Google Groups no longer supports new Usenet posts or subscriptions. Historical content remains viewable.
Dismiss

graphing commits

5 views
Skip to first unread message

Nicholas Clark

unread,
Apr 4, 2009, 5:34:25 PM4/4/09
to perl5-...@perl.org
Are there any ready made git tools to graph commits?

In particular, I'm curious about the rate of commits (to blead, and in total)
over time, and the average size of commits, for the past five years.

Nicholas Clark

Demerphq

unread,
Apr 5, 2009, 4:23:32 AM4/5/09
to perl5-...@perl.org
2009/4/4 Nicholas Clark <ni...@ccl4.org>:

> Are there any ready made git tools to graph commits?
>
> In particular, I'm curious about the rate of commits (to blead, and in total)
> over time, and the average size of commits, for the past five years.

It would be fairly straight forward to script something that generated
the raw data.

Yves


--
perl -Mre=debug -e "/just|another|perl|hacker/"

Gisle Aas

unread,
Apr 5, 2009, 5:02:07 AM4/5/09
to demerphq, perl5-...@perl.org
On Apr 5, 2009, at 10:23 , demerphq wrote:

> 2009/4/4 Nicholas Clark <ni...@ccl4.org>:
>> Are there any ready made git tools to graph commits?
>>
>> In particular, I'm curious about the rate of commits (to blead, and
>> in total)
>> over time, and the average size of commits, for the past five years.
>
> It would be fairly straight forward to script something that generated
> the raw data.

Since I worked on URI::GoogleChart recently, let me demonstrate with a
graphing example using it.
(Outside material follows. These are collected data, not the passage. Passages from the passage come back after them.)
(* Let $t\ge0$, let $b_0,\dots,b_t\ge0$ be integers, let $M=\{0^{(b_0)},1^{(b_1)},\dots,t^{(b_t)}\}$ be the multiset containing $b_i$ copies of $i$, and let $0\le k\le t$. Then the number of $k$-vn-arrangements of $M$ is \[\binom{b_0+b_1+\cdots+b_k}{b_0,b_1,\dots,b_k}\prod_{i=1}^{t-k}\binom{b_i+b_{i+1}+\cdots+b_{i+k}}{b_{i+k}}.\]
   Context: Let $b=b_0+\cdots+b_t$. A $k$-vn-arrangement of $M$ is a sequence $(v_1,\dots,v_b)$ listing the elements of $M$ with their multiplicities such that $v_{i+1}-v_i\le k$ for all $1\le i<b$. The first factor is a multinomial coefficient, and an empty product equals $1$. *)

theory Defs
  imports Main "HOL-Library.Multiset"
begin

definition multinomial_coeff :: "nat set \<Rightarrow> (nat \<Rightarrow> nat) \<Rightarrow> nat" where
  "multinomial_coeff I b = fact (\<Sum>i\<in>I. b i) div (\<Prod>i\<in>I. fact (b i))"

definition vn_multiset :: "nat \<Rightarrow> (nat \<Rightarrow> nat) \<Rightarrow> nat multiset" where
  "vn_multiset t b = (\<Sum>i\<in>{0..t}. replicate_mset (b i) i)"

definition vn_arrangements :: "nat \<Rightarrow> nat multiset \<Rightarrow> nat list set" where
  "vn_arrangements k M = {vs. mset vs = M \<and>
      (\<forall>i. Suc i < length vs \<longrightarrow> int (vs ! Suc i) - int (vs ! i) \<le> int k)}"

end

theory Submission
  imports Defs
begin

(* Remove the largest letter m.  Since m is the maximum, deleting all its copies from a
   k-vn-arrangement leaves a k-vn-arrangement of the rest (a step up into a block of m's and
   a step out of it merge into a single step of size at most k), and conversely the copies of m
   can be put back in blocks standing at the front or directly after a letter y with m <= y + k.
   If s letters qualify, distributing b m copies over these s + 1 slots gives
   C(s + b m, b m) choices; here s = b (m-k) + ... + b (m-1).  The first k + 1 factors of the
   resulting product telescope to the multinomial coefficient. *)

(* Lists obtained from w by inserting n copies of a new letter m, each maximal block of m's
   standing at the front or directly after a letter satisfying P. *)
definition insertions :: "('a \<Rightarrow> bool) \<Rightarrow> 'a \<Rightarrow> 'a list \<Rightarrow> nat \<Rightarrow> 'a list set" where
  "insertions P m w n = {v. filter (\<lambda>y. y \<noteq> m) v = w \<and> count (mset v) m = n \<and>
      successively (\<lambda>a c. c = m \<longrightarrow> a = m \<or> P a) v}"

lemma insertions_Nil: "insertions P m [] n = {replicate n m}"
proof -
  have "v = replicate n m" if "filter (\<lambda>y. y \<noteq> m) v = []" "count (mset v) m = n" for v
  proof -
    have "\<forall>y\<in>set v. y = m" using that(1) by (simp add: filter_empty_conv)
    then have "v = replicate (count (mset v) m) m" by (induction v) auto
    with that(2) show ?thesis by simp
  qed
  moreover have "successively (\<lambda>a c. c = m \<longrightarrow> a = m \<or> P a) (replicate n m)"
    by (simp add: successively_conv_nth)
  ultimately show ?thesis unfolding insertions_def by auto
qed

lemma finite_insertions: "finite (insertions P m w n)"
proof (rule finite_subset)
  show "insertions P m w n \<subseteq> {v. set v \<subseteq> insert m (set w) \<and> length v = length w + n}"
  proof
    fix v assume "v \<in> insertions P m w n"
    moreover have "length v = length (filter (\<lambda>y. y \<noteq> m) v) + count (mset v) m"
      by (induction v) auto
    ultimately show "v \<in> {v. set v \<subseteq> insert m (set w) \<and> length v = length w + n}"
      unfolding insertions_def by auto
  qed
  show "finite {v. set v \<subseteq> insert m (set w) \<and> length v = length w + n}"
    by (rule finite_lists_length_eq) simp
qed

lemma insertions_snoc_last_neq:
  assumes "x \<noteq> m"
  shows "{v \<in> insertions P m (w @ [x]) n. last v \<noteq> m} = (\<lambda>u. u @ [x]) ` insertions P m w n"
proof (intro equalityI subsetI)
  fix v assume v: "v \<in> {v \<in> insertions P m (w @ [x]) n. last v \<noteq> m}"
  then have "v \<noteq> []" by (auto simp: insertions_def)
  then obtain u y where "v = u @ [y]" by (metis rev_exhaust)
  with v show "v \<in> (\<lambda>u. u @ [x]) ` insertions P m w n"
    by (auto simp: insertions_def successively_append_iff)
next
  fix v assume "v \<in> (\<lambda>u. u @ [x]) ` insertions P m w n"
  with assms show "v \<in> {v \<in> insertions P m (w @ [x]) n. last v \<noteq> m}"
    by (auto simp: insertions_def successively_append_iff)
qed

lemma insertions_snoc_last_eq:
  assumes "x \<noteq> m"
  shows "{v \<in> insertions P m (w @ [x]) (Suc n). last v = m} =
    (\<lambda>u. u @ [m]) ` {u \<in> insertions P m (w @ [x]) n. last u = m \<or> P x}"
proof -
  have last_eq: "last u = x" if u: "filter (\<lambda>y. y \<noteq> m) u = w @ [x]" "last u \<noteq> m" for u
  proof -
    obtain u' y where "u = u' @ [y]"
      by (cases u rule: rev_cases) (use u(1) in auto)
    with u show ?thesis by auto
  qed
  show ?thesis
  proof (intro equalityI subsetI)
    fix v assume "v \<in> {v \<in> insertions P m (w @ [x]) (Suc n). last v = m}"
    then have v: "filter (\<lambda>y. y \<noteq> m) v = w @ [x]" "count (mset v) m = Suc n"
      "successively (\<lambda>a c. c = m \<longrightarrow> a = m \<or> P a) v" "last v = m"
      by (auto simp: insertions_def)
    obtain u where u: "v = u @ [m]"
      by (cases v rule: rev_cases) (use v(2,4) in auto)
    have "u \<noteq> []" using v(1) u assms by auto
    with v u last_eq[of u] show "v \<in> (\<lambda>u. u @ [m]) ` {u \<in> insertions P m (w @ [x]) n. last u = m \<or> P x}"
      by (auto simp: insertions_def successively_append_iff)
  next
    fix v assume "v \<in> (\<lambda>u. u @ [m]) ` {u \<in> insertions P m (w @ [x]) n. last u = m \<or> P x}"
    then obtain u where "v = u @ [m]" "u \<in> insertions P m (w @ [x]) n" "last u = m \<or> P x"
      by blast
    with last_eq[of u] show "v \<in> {v \<in> insertions P m (w @ [x]) (Suc n). last v = m}"
      by (auto simp: insertions_def successively_append_iff)
  qed
qed

lemma insertions_snoc_last_eq_empty:
  assumes "x \<noteq> m" "n = 0 \<or> \<not> P x"
  shows "{v \<in> insertions P m (w @ [x]) n. last v = m} = {}"
  using assms(2)
proof (induction n)
  case 0
  have "m \<in> set v" if "v \<in> insertions P m (w @ [x]) 0" "last v = m" for v
  proof -
    have "v \<noteq> []" using that by (auto simp: insertions_def)
    then show ?thesis using that(2) by auto
  qed
  then show ?case by (auto simp: insertions_def count_mset_0_iff)
next
  case (Suc n)
  then show ?case using insertions_snoc_last_eq[OF assms(1)] by auto
qed

lemma card_insertions:
  assumes "m \<notin> set w"
  shows "card (insertions P m w n) = (length (filter P w) + n) choose n"
  using assms
proof (induction w arbitrary: n rule: rev_induct)
  case Nil
  then show ?case by (simp add: insertions_Nil)
next
  case (snoc x w)
  have "x \<noteq> m" using snoc.prems by auto
  have split: "card (insertions P m (w @ [x]) n) =
      card (insertions P m w n) + card {v \<in> insertions P m (w @ [x]) n. last v = m}" for n
  proof -
    have "card (insertions P m (w @ [x]) n) =
        card {v \<in> insertions P m (w @ [x]) n. last v \<noteq> m} +
        card {v \<in> insertions P m (w @ [x]) n. last v = m}"
      by (subst card_Un_disjoint[symmetric]) (auto simp: finite_insertions intro: arg_cong[where f = card])
    also have "card {v \<in> insertions P m (w @ [x]) n. last v \<noteq> m} = card (insertions P m w n)"
      by (simp add: insertions_snoc_last_neq[OF \<open>x \<noteq> m\<close>] card_image inj_on_def)
    finally show ?thesis .
  qed
  show ?case
  \<comment> \<open>if P x, splitting on the last letter gives Pascal's rule\<close>
  proof (cases "P x")
    case False
    then have none: "{v \<in> insertions P m (w @ [x]) n. last v = m} = {}"
      using insertions_snoc_last_eq_empty[OF \<open>x \<noteq> m\<close>] by blast
    show ?thesis using split[of n] snoc.IH[of n] snoc.prems False unfolding none by simp
  next
    case True
    let ?s = "length (filter P w)"
    show ?thesis
    proof (induction n)
      case 0
      have none: "{v \<in> insertions P m (w @ [x]) 0. last v = m} = {}"
        using insertions_snoc_last_eq_empty[OF \<open>x \<noteq> m\<close>] by blast
      show ?case using split[of 0] snoc.IH[of 0] snoc.prems unfolding none by simp
    next
      case (Suc n)
      have "card {v \<in> insertions P m (w @ [x]) (Suc n). last v = m} =
          card (insertions P m (w @ [x]) n)"
        by (simp add: insertions_snoc_last_eq[OF \<open>x \<noteq> m\<close>] True card_image inj_on_def)
      then have "card (insertions P m (w @ [x]) (Suc n)) =
          (?s + Suc n choose Suc n) + (Suc ?s + n choose n)"
        using split[of "Suc n"] snoc.IH[of "Suc n"] snoc.prems Suc.IH True by simp
      then show ?case using True by simp
    qed
  qed
qed

lemma successively_filter:
  assumes "successively R xs" "set xs \<subseteq> S"
    and bridge: "\<And>a b c. a \<in> S \<Longrightarrow> b \<in> S \<Longrightarrow> c \<in> S \<Longrightarrow> R a b \<Longrightarrow> \<not> Q b \<Longrightarrow> R b c \<Longrightarrow> R a c"
  shows "successively R (filter Q xs)"
proof -
  have head_kept: "successively R (a # filter Q ys)"
    if "successively R (a # ys)" "set (a # ys) \<subseteq> S" for a ys
    using that
  proof (induction ys arbitrary: a)
    case (Cons b ys)
    then have IH: "successively R (b # filter Q ys)" by simp
    show ?case
    proof (cases "Q b")
      case False
      have "R a (hd (filter Q ys))" if "filter Q ys \<noteq> []"
      proof (rule bridge[of a b])
        show "hd (filter Q ys) \<in> S"
          using hd_in_set[OF that] Cons.prems(2) by auto
        show "R b (hd (filter Q ys))"
          using IH that by (simp add: successively_Cons)
      qed (use Cons.prems False in auto)
      with IH False show ?thesis by (auto simp: successively_Cons)
    qed (use Cons.prems IH in simp)
  qed simp
  from assms(1,2) show ?thesis
  proof (induction xs)
    case (Cons a xs)
    show ?case
    proof (cases "Q a")
      case True
      with Cons.prems head_kept[of a xs] show ?thesis by simp
    next
      case False
      with Cons show ?thesis by (auto simp: successively_Cons)
    qed
  qed simp
qed

lemma mset_eq_filter_neq_plus_replicate:
  "mset v = mset (filter (\<lambda>y. y \<noteq> m) v) + replicate_mset (count (mset v) m) m"
  by (induction v) auto
(* It is not possible in general to construct by origami a right triangle with given hypotenuse and leg. Precisely: $\sqrt{2+\sqrt2}\in\mathbb F_0$ and $1\in\mathbb F_0$, but $\sqrt{(\sqrt{2+\sqrt2})^2-1^2}=\sqrt{1+\sqrt2}\notin\mathbb F_0$. In particular $\mathbb F_0$ is not closed under $(h,a)\mapsto\sqrt{h^2-a^2}$ for $h>a>0$.
   Context: An origami pair is a pair $(\mathcal P,\mathcal L)$ where $\mathcal P\subset\mathbb R^2$ is a set of points and $\mathcal L$ is a collection of lines in $\mathbb R^2$ such that: (i) the intersection point of any two non-parallel lines of $\mathcal L$ lies in $\mathcal P$; (ii) for any two distinct points of $\mathcal P$, the line through them is in $\mathcal L$; (iii) for any two distinct points of $\mathcal P$, the perpendicular bisector of the segment joining them is in $\mathcal L$; (iv) if $L_1,L_2\in\mathcal L$, then every line equidistant from $L_1$ and $L_2$ is in $\mathcal L$ (the midline if they are parallel, the angle bisectors if they intersect); (v) if $L_1,L_2\in\mathcal L$, then the mirror reflection of $L_2$ across $L_1$ is in $\mathcal L$. A set $\mathcal P\subset\mathbb R^2$ is closed under origami constructions if there is a collection of lines $\mathcal L$ with $(\mathcal P,\mathcal L)$ an origami pair. The set of origami constructible points is $\mathcal P_0=\bigcap\{\mathcal P : (0,0),(0,1)\in\mathcal P \text{ and } \mathcal P \text{ is closed under origami constructions}\}$. The set of origami numbers is $\mathbb F_0=\{\alpha\in\mathbb R : \exists v_1,v_2\in\mathcal P_0,\ |\alpha|=\operatorname{dist}(v_1,v_2)\}$. *)

theory Defs
  imports "HOL-Analysis.Analysis"
begin

type_synonym point = "real \<times> real"

definition line_eq :: "real \<Rightarrow> real \<Rightarrow> real \<Rightarrow> point set" where
  "line_eq a b c = {p. a * fst p + b * snd p = c}"

definition is_line :: "point set \<Rightarrow> bool" where
  "is_line L \<longleftrightarrow> (\<exists>a b c. (a, b) \<noteq> (0, 0) \<and> L = line_eq a b c)"

definition line_through :: "point \<Rightarrow> point \<Rightarrow> point set" where
  "line_through p q = {x. \<exists>t::real. x = (fst p + t * (fst q - fst p), snd p + t * (snd q - snd p))}"

definition perp_bisector :: "point \<Rightarrow> point \<Rightarrow> point set" where
  "perp_bisector p q = {x. dist x p = dist x q}"

definition reflect_pt :: "point set \<Rightarrow> point \<Rightarrow> point" where
  "reflect_pt L p = (let (a, b, c) = (SOME (a, b, c). (a, b) \<noteq> (0, 0) \<and> L = line_eq a b c);
                         k = 2 * (a * fst p + b * snd p - c) / (a\<^sup>2 + b\<^sup>2)
                     in (fst p - k * a, snd p - k * b))"

definition reflect_line :: "point set \<Rightarrow> point set \<Rightarrow> point set" where
  "reflect_line L1 L2 = reflect_pt L1 ` L2"

text \<open>L is a line equidistant from the two distinct lines L1 and L2 (the midline if they are
  parallel, one of the two angle bisectors if they intersect).\<close>
definition equidistant_line :: "point set \<Rightarrow> point set \<Rightarrow> point set \<Rightarrow> bool" where
  "equidistant_line L L1 L2 \<longleftrightarrow> is_line L \<and> (\<forall>x\<in>L. infdist x L1 = infdist x L2)"

definition origami_pair :: "point set \<Rightarrow> point set set \<Rightarrow> bool" where
  "origami_pair P \<L> \<longleftrightarrow>
     (\<forall>L\<in>\<L>. is_line L) \<and>
     (\<forall>L1\<in>\<L>. \<forall>L2\<in>\<L>. \<forall>p. L1 \<inter> L2 = {p} \<longrightarrow> p \<in> P) \<and>
     (\<forall>p\<in>P. \<forall>q\<in>P. p \<noteq> q \<longrightarrow> line_through p q \<in> \<L>) \<and>
     (\<forall>p\<in>P. \<forall>q\<in>P. p \<noteq> q \<longrightarrow> perp_bisector p q \<in> \<L>) \<and>
     (\<forall>L1\<in>\<L>. \<forall>L2\<in>\<L>. \<forall>L. L1 \<noteq> L2 \<longrightarrow> equidistant_line L L1 L2 \<longrightarrow> L \<in> \<L>) \<and>
     (\<forall>L1\<in>\<L>. \<forall>L2\<in>\<L>. reflect_line L1 L2 \<in> \<L>)"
Just need to enhance the module a bit so
that it's easier to get some labels on the Y-axis.

#!/usr/bin/perl

use strict;

my %count;
open(LOG, "git log --pretty=fuller --date=iso|") || die;
while (<LOG>) {
if (/^CommitDate:\s*(\d{4}-\d{2})/) {
$count{$1}++;
}
}

use URI::GoogleChart;
my $uri = URI::GoogleChart->new("lines", 500, 150,
title => "Blead commits per month",
data => [map $count{$_}, sort keys %count],
range_round => 1,
range_show => "left",
encoding => "s",
);

system("/usr/bin/open", $uri) if -x "/usr/bin/open";
print "$uri\n";
__END__

<http://chart.apis.google.com/chart?cht=lc&chs=500x150&chd=s:DEDDDEDDEEEDDDDEEEDDDDDDDDDEDEDEDDDEKLMDFIPMNKHLPOSSKIEOOJPHIQMINTiMNURKLXLHVHaVUWLPTouNQNRsPckdaVmim5lZnpxxqi720lYPMOJLQQVUYUfkZNNOONQKKMMJHJKMQJOQXiULPYZddZbeYMROOYXVYSXXTSQMVUTVcSNNMLJJLPQXdXRE&chtt=Blead+commits+per+month&chxr=0,-50,7e%2B02&chxt=y
>

Gisle Aas

unread,
Apr 5, 2009, 6:02:47 AM4/5/09
to perl5-...@perl.org

On Apr 5, 2009, at 11:02 , Gisle Aas wrote:

> On Apr 5, 2009, at 10:23 , demerphq wrote:
>
>> 2009/4/4 Nicholas Clark <ni...@ccl4.org>:
>>> Are there any ready made git tools to graph commits?
>>>
>>> In particular, I'm curious about the rate of commits (to blead,
>>> and in total)
>>> over time, and the average size of commits, for the past five years.
>>
>> It would be fairly straight forward to script something that
>> generated
>> the raw data.
>
> Since I worked on URI::GoogleChart recently, let me demonstrate with
> a graphing example using it. Just need to enhance the module a bit
> so that it's easier to get some labels on the Y-axis.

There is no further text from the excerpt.